Siapa yang sanggup menjalani sebuah hubungan tanpa cinta? Apalagi pasangan kalian masih belum usai dengan masa lalunya. Dua tahun Janice menjalani hubungan dengan seorang pria yang sangat ia cintai, dan hidup bersama dengan pria tersebut tanpa ikatan pernikahan. Selama dua tahun itu Stendy tidak pernah membalas cinta Janice. Bahkan Stendy sering bersikap dingin dan acuh pada Janice. Sampai akhirnya wanita di masa lalu Stendy kembali, hingga membuat Janice terpaksa mengakhiri hubungannya dan melepaskan pria yang selama ini sangat ia cintai. Semua Janice lakukan, hanya untuk membuat Stendy bahagia bersama wanita yang dicintainya.
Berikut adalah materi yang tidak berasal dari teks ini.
(* Let $a\in\mathbb{R}$ with $a\ge1$ and let $n,s,t\in\mathbb{N}$ with $1\le s\le t\le n$. Assume $as+t\ge n$, $t\ge as$ and $s+as\le t$. Then the number $\mathcal{M}^{(a)}(n,s,t)$ of monochromatic generalized Schur triples of $\{1,\dots,n\}$ under the coloring $R^sB^{t-s}R^{n-t}$ equals \[ \sum_{y=1}^{\lfloor s/a\rfloor}\ \sum_{x=1}^{s-\lfloor ay\rfloor}1\;+\sum_{y=s+1}^{\lfloor (t-s)/a\rfloor}\ \sum_{x=s+1}^{t-\lfloor ay\rfloor}1\;+\sum_{y=1}^{\lfloor (n-t)/a\rfloor}\ \sum_{x=t+1}^{n-\lfloor ay\rfloor}1\;+\sum_{y=t+1}^{\lfloor n/a\rfloor}\ \sum_{x=1}^{n-\lfloor ay\rfloor}1 , \] and the monochromatic generalized Schur triples are exactly the triples $(x,y,x+\lfloor ay\rfloor)$ with $(x,y)$ ranging over the index pairs of these four double sums.
   Context: For real $a>0$, a generalized Schur triple on $[n]=\{1,\dots,n\}$ is an ordered triple $T=(x,y,x+\lfloor ay\rfloor)\in[n]^3$. The coloring $R^sB^{t-s}R^{n-t}$ colors $1,\dots,s$ and $t+1,\dots,n$ red and $s+1,\dots,t$ blue; $T$ is monochromatic if $T\in(\{1,\dots,s\}\cup\{t+1,\dots,n\})^3$ or $T\in\{s+1,\dots,t\}^3$, and $\mathcal{M}^{(a)}(n,s,t)$ is the number of such $T$. Convention: a sum whose lower bound exceeds its upper bound is $0$. *)

theory Defs
  imports Complex_Main
begin

definition gen_schur_triples :: "real \<Rightarrow> nat \<Rightarrow> (int \<times> int \<times> int) set" where
  "gen_schur_triples a n =
     {(x, y, z). x \<in> {1..int n} \<and> y \<in> {1..int n} \<and> z \<in> {1..int n} \<and>
                 z = x + \<lfloor>a * of_int y\<rfloor>}"

definition red_set :: "nat \<Rightarrow> nat \<Rightarrow> nat \<Rightarrow> int set" where
  "red_set n s t = {1..int s} \<union> {int t + 1..int n}"

definition blue_set :: "nat \<Rightarrow> nat \<Rightarrow> int set" where
  "blue_set s t = {int s + 1..int t}"

definition mono_triples :: "real \<Rightarrow> nat \<Rightarrow> nat \<Rightarrow> nat \<Rightarrow> (int \<times> int \<times> int) set" where
  "mono_triples a n s t =
     {T \<in> gen_schur_triples a n.
        T \<in> red_set n s t \<times> red_set n s t \<times> red_set n s t \<or>
        T \<in> blue_set s t \<times> blue_set s t \<times> blue_set s t}"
Karya ini diterbitkan atas izin NovelToon Eva Hyungsik, isi konten hanyalah pandangan pribadi pembuatnya, tidak mewakili NovelToon sendiri

Memorable 33

Maria menatap marah dan penuh kekesalan pada Harisa. Sementara itu Harisa terlihat sudah lemas, karena efek benturan di kepalanya. Telinganya pun sedikit berdengung. Harisa berusaha untuk tetap sadar. 

"Di mana uangnya?" tanya Maria, suaranya keras dan menakutkan.
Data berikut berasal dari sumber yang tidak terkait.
(* Let $f:\mathbb R^n\to\mathbb R$ be continuously differentiable, $A\in\mathbb R^{q\times n}$, $b\in\mathbb R^q$, and $c=(c_1,\dots,c_p):\mathbb R^n\to\mathbb R^p$ with each $c_i$ concave and twice continuously differentiable. For each $\varepsilon>0$ let $(x(\varepsilon),y(\varepsilon),z^I(\varepsilon))\in\mathbb R^{n+q+2p}$ be a stationary point of $\mathrm P_\varepsilon$ with multiplier $\lambda(\varepsilon)\in\mathbb R^n$. Let $(x^*,y^*,[z^I]^*,\lambda^* )$ be any point of $\limsup_{\varepsilon\searrow0}\{(x(\varepsilon),y(\varepsilon),z^I(\varepsilon),\lambda(\varepsilon))\}$, and let $\beta=\{i:[y^I]^*_i=0=[z^I]^*_i\}$, $\gamma=\{i:[y^I]^*_i>0=[z^I]^*_i\}$. Then there exists $\eta_\beta\in[0,1]^{|\beta|}$ such that $$\nabla f(x^* )+\Big[\sum_{j=1}^p[y^I]^*_j\nabla^2c_j(x^* )-A^TA-\mathcal Jc_\gamma(x^* )^T\mathcal Jc_\gamma(x^* )-\mathcal Jc_\beta(x^* )^T\mathrm{Diag}(\eta_\beta)\mathcal Jc_\beta(x^* )\Big]\lambda^*=0.$$
   Context: $\mathcal Jc(x)$ is the $p\times n$ Jacobian of $c$; for an index set $\beta$, $c_\beta=(c_i)_{i\in\beta}$ with Jacobian $\mathcal Jc_\beta$. $G(x,y,z^I)=\big(A^Ty^E+\mathcal Jc(x)^Ty^I,\ Ax-b+y^E,\ c(x)+y^I-z^I\big)$, $y=(y^E,y^I)\in\mathbb R^q\times\mathbb R^p$. $\psi_\varepsilon(a,b)=a+b-\sqrt{a^2+b^2+2\varepsilon^2}$, $\Psi_\varepsilon(y^I,z^I)=(\psi_\varepsilon(y^I_i,z^I_i))_{i=1}^p$, $\Theta(\varepsilon)=\{(y^I,z^I):\Psi_\varepsilon(y^I,z^I)=0\}$, and $\mathcal J_{z^I}\Psi_\varepsilon(y^I,z^I)=\mathrm{Diag}\big(1-z^I_i/\sqrt{(y^I_i)^2+(z^I_i)^2+2\varepsilon^2}\big)$. Problem $\mathrm P_\varepsilon$ is $\min f(x)$ s.t. $G(x,y,z^I)=0$, $(y^I,z^I)\in\Theta(\varepsilon)$. A feasible point $(x,y,z^I)$ of $\mathrm P_\varepsilon$ is a stationary point of $\mathrm P_\varepsilon$ with multiplier $\lambda\in\mathbb R^n$ if $\nabla f(x)+\big[\sum_{i=1}^p y^I_i\nabla^2c_i(x)-A^TA-\mathcal Jc(x)^T\mathcal J_{z^I}\Psi_\varepsilon(y^I,z^I)\mathcal Jc(x)\big]\lambda=0$. $\mathrm{Diag}(v)$ is the diagonal matrix with diagonal $v$. *)

theory Defs
  imports "HOL-Analysis.Analysis"
begin

definition jac :: "(real^'n \<Rightarrow> real^'m) \<Rightarrow> real^'n \<Rightarrow> real^'n^'m" where
  "jac F x = (\<chi> i j. frechet_derivative (\<lambda>y. F y $ i) (at x) (axis j 1))"

definition grad :: "(real^'n \<Rightarrow> real) \<Rightarrow> real^'n \<Rightarrow> real^'n" where
  "grad g x = (\<chi> j. frechet_derivative g (at x) (axis j 1))"

definition hess :: "(real^'n \<Rightarrow> real) \<Rightarrow> real^'n \<Rightarrow> real^'n^'n" where
  "hess g x = jac (grad g) x"

definition Diag :: "real^'p \<Rightarrow> real^'p^'p" where
  "Diag v = (\<chi> i j. if i = j then v $ i else 0)"

text \<open>Rows of M indexed by S, other rows set to zero; so
  (rowsub S M)^T ** N ** rowsub S M equals M_S^T N_S M_S for the submatrix M_S.\<close>
definition rowsub :: "'p set \<Rightarrow> real^'n^'p \<Rightarrow> real^'n^'p" where
  "rowsub S M = (\<chi> i j. if i \<in> S then M $ i $ j else 0)"

definition psi :: "real \<Rightarrow> real \<Rightarrow> real \<Rightarrow> real" where
  "psi e a b = a + b - sqrt (a\<^sup>2 + b\<^sup>2 + 2 * e\<^sup>2)"

text \<open>Diagonal entries of J_{z^I} Psi_eps(y^I,z^I).\<close>
definition dPsi_z :: "real \<Rightarrow> real^'p \<Rightarrow> real^'p \<Rightarrow> real^'p" where
  "dPsi_z e yI zI = (\<chi> i. 1 - zI $ i / sqrt ((yI $ i)\<^sup>2 + (zI $ i)\<^sup>2 + 2 * e\<^sup>2))"

definition feasible_P ::
  "real \<Rightarrow> real^'n^'q \<Rightarrow> real^'q \<Rightarrow> (real^'n \<Rightarrow> real^'p)
   \<Rightarrow> real^'n \<Rightarrow> real^'q \<Rightarrow> real^'p \<Rightarrow> real^'p \<Rightarrow> bool" where
  "feasible_P e A b c x yE yI zI \<longleftrightarrow>
     transpose A *v yE + transpose (jac c x) *v yI = 0 \<and>
     A *v x - b + yE = 0 \<and>
     c x + yI - zI = 0 \<and>
     (\<forall>i. psi e (yI $ i) (zI $ i) = 0)"

definition stationary_P ::
  "real \<Rightarrow> (real^'n \<Rightarrow> real) \<Rightarrow> real^'n^'q \<Rightarrow> real^'q \<Rightarrow> (real^'n \<Rightarrow> real^'p)
   \<Rightarrow> real^'n \<Rightarrow> real^'q \<Rightarrow> real^'p \<Rightarrow> real^'p \<Rightarrow> real^'n \<Rightarrow> bool" where
  "stationary_P e f A b c x yE yI zI lam \<longleftrightarrow>
     feasible_P e A b c x yE yI zI \<and>
     grad f x + ((\<Sum>i\<in>UNIV. yI $ i *\<^sub>R hess (\<lambda>u. c u $ i) x)
                 - transpose A ** A
                 - transpose (jac c x) ** Diag (dPsi_z e yI zI) ** jac c x) *v lam = 0"

end

theory Submission
  imports Defs
begin

text \<open>
  On \<open>\<Theta>(\<epsilon>)\<close> the equation \<open>\<psi>\<^sub>\<epsilon>(y, z) = 0\<close> forces \<open>y, z > 0\<close> with \<open>y z = \<epsilon>\<^sup>2\<close>,
  and then the diagonal entries of \<open>\<J>\<^sub>z\<Psi>\<^sub>\<epsilon>\<close> are \<open>y / (y + z) \<in> [0, 1]\<close>.
  Along a subsequence these entries converge to some \<open>\<eta>\<close>, and continuity of the data turns
  the stationarity equations into the limit equation with \<open>Diag \<eta>\<close> in place of \<open>\<J>\<^sub>z\<Psi>\<^sub>\<epsilon>\<close>.
  In the limit \<open>y\<^sup>* z\<^sup>* = 0\<close>, so \<open>\<eta>\<^sub>i = 1\<close> on \<open>\<gamma>\<close> and \<open>\<eta>\<^sub>i = 0\<close> where \<open>z\<^sup>*\<^sub>i > 0\<close>;
  only the entries on \<open>\<beta>\<close> remain free in \<open>[0, 1]\<close>.
\<close>

lemma tendsto_matrix_vector_mult:
  fixes M :: "nat \<Rightarrow> real^'n^'m"
  assumes "M \<longlonglongrightarrow> M0" and "v \<longlonglongrightarrow> v0"
  shows "(\<lambda>k. M k *v v k) \<longlonglongrightarrow> M0 *v v0"
  unfolding matrix_vector_mult_def by (intro tendsto_intros assms)

lemma tendsto_matrix_matrix_mult:
  fixes M :: "nat \<Rightarrow> real^'n^'m" and N :: "nat \<Rightarrow> real^'k^'n"
  assumes "M \<longlonglongrightarrow> M0" and "N \<longlonglongrightarrow> N0"
  shows "(\<lambda>k. M k ** N k) \<longlonglongrightarrow> M0 ** N0"
  unfolding matrix_matrix_mult_def by (intro tendsto_intros assms)

lemma tendsto_transpose:
  fixes M :: "nat \<Rightarrow> real^'n^'m"
  assumes "M \<longlonglongrightarrow> M0"
  shows "(\<lambda>k. transpose (M k)) \<longlonglongrightarrow> transpose M0"
  unfolding transpose_def by (intro tendsto_intros assms)

lemma tendsto_Diag:
  fixes v :: "nat \<Rightarrow> real^'n"
  assumes "v \<longlonglongrightarrow> v0"
  shows "(\<lambda>k. Diag (v k)) \<longlonglongrightarrow> Diag v0"
  unfolding Diag_def using assms by (auto intro!: tendsto_intros)

lemma isCont_jac:
  assumes "\<And>i. isCont (grad (\<lambda>v. c v $ i)) x"
  shows "isCont (jac c) x"
proof -
  have "jac c = (\<lambda>u. \<chi> i. grad (\<lambda>v. c v $ i) u)"
    by (simp add: fun_eq_iff vec_eq_iff jac_def grad_def)
  then show ?thesis
    using assms by (simp add: continuous_at tendsto_vec_lambda)
qed

lemma psi_eq_0D:
  fixes e y z :: real
  assumes "e > 0" and "psi e y z = 0"
  shows "0 < y" "0 < z" "y * z = e\<^sup>2"
proof -
  have root: "sqrt (y\<^sup>2 + z\<^sup>2 + 2 * e\<^sup>2) = y + z"
    using assms(2) by (simp add: psi_def)
  have "0 \<le> y + z"
    unfolding root[symmetric] by simp
  have "(y + z)\<^sup>2 = y\<^sup>2 + z\<^sup>2 + 2 * e\<^sup>2"
    unfolding root[symmetric] by simp
  then show prod: "y * z = e\<^sup>2"
    by (simp add: power2_eq_square algebra_simps)
  with assms(1) have "0 < y * z"
    by simp
  with \<open>0 \<le> y + z\<close> show "0 < y" "0 < z"
    by (auto simp: zero_less_mult_iff)
qed

lemma dPsi_z_nth_on_Theta:
  assumes "e > 0" and "psi e (yI $ i) (zI $ i) = 0"
  shows "dPsi_z e yI zI $ i = yI $ i / (yI $ i + zI $ i)"
proof -
  have "sqrt ((yI $ i)\<^sup>2 + (zI $ i)\<^sup>2 + 2 * e\<^sup>2) = yI $ i + zI $ i"
    using assms(2) by (simp add: psi_def)
  moreover have "0 < yI $ i + zI $ i"
    using psi_eq_0D[OF assms] by simp
  ultimately show ?thesis
    by (simp add: dPsi_z_def field_simps)
qed

lemma dPsi_z_mem_unit_box:
  assumes "e > 0" and "\<And>i. psi e (yI $ i) (zI $ i) = 0"
  shows "dPsi_z e yI zI \<in> cbox 0 1"
  unfolding mem_box_cart
proof
  fix i
  have "0 < yI $ i" "0 < zI $ i"
    using psi_eq_0D[OF assms(1,2)] by auto
  then show "0 $ i \<le> dPsi_z e yI zI $ i \<and> dPsi_z e yI zI $ i \<le> 1 $ i"
    by (simp add: dPsi_z_nth_on_Theta[OF assms(1,2)])
qed

lemma complementarity_limit:
  fixes y z :: "nat \<Rightarrow> real"
  assumes "\<And>k. 0 < y k" and "\<And>k. 0 < z k" and "(\<lambda>k. y k * z k) \<longlonglongrightarrow> 0"
    and "y \<longlonglongrightarrow> a" and "z \<longlonglongrightarrow> b"
  shows "0 \<le> a" "0 \<le> b" "a * b = 0"
proof -
  show "0 \<le> a"
    using assms(1) by (intro LIMSEQ_le_const[OF assms(4)]) (auto intro: less_imp_le)
  show "0 \<le> b"
    using assms(2) by (intro LIMSEQ_le_const[OF assms(5)]) (auto intro: less_imp_le)
  have "(\<lambda>k. y k * z k) \<longlonglongrightarrow> a * b"
    using assms by (intro tendsto_mult)
  with assms(3) show "a * b = 0"
    using LIMSEQ_unique by blast
qed

lemma dPsi_z_limit:
  fixes Y Z :: "nat \<Rightarrow> real^'p"
  assumes e: "\<And>k. 0 < e k" "e \<longlonglongrightarrow> 0"
    and Theta: "\<And>k i. psi (e k) (Y k $ i) (Z k $ i) = 0"
    and Y: "Y \<longlonglongrightarrow> ys" and Z: "Z \<longlonglongrightarrow> zs"
    and D: "(\<lambda>k. dPsi_z (e k) (Y k) (Z k)) \<longlonglongrightarrow> \<eta>"
  shows "0 < ys $ i \<Longrightarrow> zs $ i = 0 \<Longrightarrow> \<eta> $ i = 1"
    and "\<not> (ys $ i = 0 \<and> zs $ i = 0) \<Longrightarrow> \<not> (0 < ys $ i \<and> zs $ i = 0) \<Longrightarrow> \<eta> $ i = 0"
proof -
  have pos: "0 < Y k $ i" "0 < Z k $ i" "Y k $ i * Z k $ i = (e k)\<^sup>2" for k
    using psi_eq_0D[OF e(1) Theta] by auto
  have "(\<lambda>k. (e k)\<^sup>2) \<longlonglongrightarrow> 0"
    using tendsto_power[OF e(2), of 2] by simp
  then have compl: "0 \<le> ys $ i" "0 \<le> zs $ i" "ys $ i * zs $ i = 0"
    using complementarity_limit[OF pos(1,2) _ tendsto_vec_nth[OF Y] tendsto_vec_nth[OF Z]] pos(3)
    by simp_all
  have ratio: "\<eta> $ i = ys $ i / (ys $ i + zs $ i)" if "ys $ i + zs $ i \<noteq> 0"
  proof -
    have "(\<lambda>k. Y k $ i / (Y k $ i + Z k $ i)) \<longlonglongrightarrow> ys $ i / (ys $ i + zs $ i)"
      using that Y Z by (intro tendsto_intros)
    moreover have "(\<lambda>k. Y k $ i / (Y k $ i + Z k $ i)) \<longlonglongrightarrow> \<eta> $ i"
      using tendsto_vec_nth[OF D, of i] by (simp add: dPsi_z_nth_on_Theta[OF e(1) Theta])
    ultimately show ?thesis
      using LIMSEQ_unique by blast
  qed
  show "\<eta> $ i = 1" if "0 < ys $ i" "zs $ i = 0"
    using that ratio by simp
  show "\<eta> $ i = 0" if "\<not> (ys $ i = 0 \<and> zs $ i = 0)" "\<not> (0 < ys $ i \<and> zs $ i = 0)"
    using that compl ratio by auto
qed

definition stationarity_residual ::
  "(real^'n \<Rightarrow> real) \<Rightarrow> real^'n^'q \<Rightarrow> (real^'n \<Rightarrow> real^'p)
   \<Rightarrow> real^'n \<Rightarrow> real^'p \<Rightarrow> real^'p \<Rightarrow> real^'n \<Rightarrow> real^'n" where
  "stationarity_residual f A c x yI d lam =
     grad f x + ((\<Sum>i\<in>UNIV. yI $ i *\<^sub>R hess (\<lambda>u. c u $ i) x)
                 - transpose A ** A
                 - transpose (jac c x) ** Diag d ** jac c x) *v lam"

lemma stationary_P_iff_residual:
  "stationary_P e f A b c x yE yI zI lam \<longleftrightarrow>
     feasible_P e A b c x yE yI zI \<and> stationarity_residual f A c x yI (dPsi_z e yI zI) lam = 0"
  by (simp add: stationary_P_def stationarity_residual_def)

lemma tendsto_stationarity_residual:
  assumes "isCont (grad f) x0" and "\<And>i. isCont (hess (\<lambda>u. c u $ i)) x0" and "isCont (jac c) x0"
    and "X \<longlonglongrightarrow> x0" and "Y \<longlonglongrightarrow> y0" and "D \<longlonglongrightarrow> d0" and "L \<longlonglongrightarrow> lam0"
  shows "(\<lambda>k. stationarity_residual f A c (X k) (Y k) (D k) (L k))
           \<longlonglongrightarrow> stationarity_residual f A c x0 y0 d0 lam0"
proof -
  have "(\<lambda>k. grad f (X k)) \<longlonglongrightarrow> grad f x0" "(\<lambda>k. jac c (X k)) \<longlonglongrightarrow> jac c x0"
    "\<And>i. (\<lambda>k. hess (\<lambda>u. c u $ i) (X k)) \<longlonglongrightarrow> hess (\<lambda>u. c u $ i) x0"
    using assms(1-4) by (auto intro: isCont_tendsto_compose)
  then show ?thesis
    unfolding stationarity_residual_def
    by (intro tendsto_intros tendsto_matrix_vector_mult tendsto_matrix_matrix_mult
          tendsto_transpose tendsto_Diag assms(5-7))
qed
Dengan gerakan pelan, Harisa mengeluarkan dompetnya dari dalam tasnya, tangan-tangannya bergetar. "Maaf, mama. Aku terlambat sedikit, karena aku harus membujuk Stendy.” 
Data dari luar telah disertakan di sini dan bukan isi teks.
text \<open>Under \<open>y = (1 + cos (2\<pi>t)) / 2\<close> a function on \<open>[0,1]\<close> symmetric about \<open>1/2\<close> becomes an
  arbitrary continuous function of \<open>y \<in> [0,1]\<close>, and polynomials in \<open>y\<close> are cosine polynomials in \<open>t\<close>.\<close>

lemma cos_poly_approx:
  fixes D :: "real \<Rightarrow> real"
  assumes cont: "continuous_on {0..1} D" and sym: "\<And>t. t \<in> {0..1} \<Longrightarrow> D (1 - t) = D t"
    and e: "e > 0"
  obtains p where "cos_poly p" "\<And>t. t \<in> {0..1} \<Longrightarrow> \<bar>D t - p t\<bar> < e"
proof -
  define f where "f y = D (arccos (2*y - 1) / (2*pi))" for y
  have "(\<lambda>y. arccos (2*y - 1) / (2*pi)) ` {0..1} \<subseteq> {0..1}"
  proof (rule image_subsetI)
    fix y :: real assume "y \<in> {0..1}"
    then have "0 \<le> arccos (2*y - 1)" "arccos (2*y - 1) \<le> pi"
      using arccos_bounded[of "2*y - 1"] by auto
    then show "arccos (2*y - 1) / (2*pi) \<in> {0..1}"
      by (simp add: field_simps)
  qed
  then have "continuous_on {0..1} f"
    unfolding f_def by (intro continuous_on_compose2[OF cont] continuous_intros) auto
  then obtain N where N: "\<And>y. y \<in> {0..1} \<Longrightarrow> \<bar>f y - (\<Sum>k\<le>N. f (k/N) * Bernstein N k y)\<bar> < e"
    using Bernstein_Weierstrass[OF _ e] by blast
  have f_half_cos: "f ((1 + cos (2*pi*t)) / 2) = D t" if t: "t \<in> {0..1}" for t
  proof -
    have "2 * ((1 + cos (2*pi*t)) / 2) - 1 = cos (2*pi*t)"
      by (simp add: field_simps)
    then have "f ((1 + cos (2*pi*t)) / 2) = D (arccos (cos (2*pi*t)) / (2*pi))"
      unfolding f_def by argo
    then show ?thesis using arccos_cos_2pi_cases[OF t] sym[OF t] by auto
  qed
  have "(1 + c) / 2 \<in> {0..1}" if "\<bar>c\<bar> \<le> 1" for c :: real
    using that by auto
  then have half_cos: "(1 + cos (2*pi*t)) / 2 \<in> {0..1}" for t
    by simp
  show ?thesis
  proof (rule that[OF cos_poly_Bernstein_half_cos])
    fix t :: real assume "t \<in> {0..1}"
    then show "\<bar>D t - (\<Sum>k\<le>N. f (k/N) * Bernstein N k ((1 + cos (2*pi*t)) / 2))\<bar> < e"
      using N[OF half_cos, of t] f_half_cos[of t] by simp
  qed
qed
Maria mengambil dompet  itu dan memeriksa isinya. Wajahnya semakin merah dengan kemarahan ketika dia melihat bahwa uangnya tidak lengkap. Namun, matanya memicing melihat kartu ATM. 

"Kamu terlambat lagi! Kamu tahu aku butuh uang ini sekarang juga!" Maria mengangkat tangan dan memukul Harisa dengan keras.

Harisa jatuh ke lantai, wajahnya terluka dan berdarah. Maria terus memukulnya, tidak peduli dengan jeritannya. Harisa mencoba melindungi dirinya, tapi Maria terlalu kuat dan terlalu marah.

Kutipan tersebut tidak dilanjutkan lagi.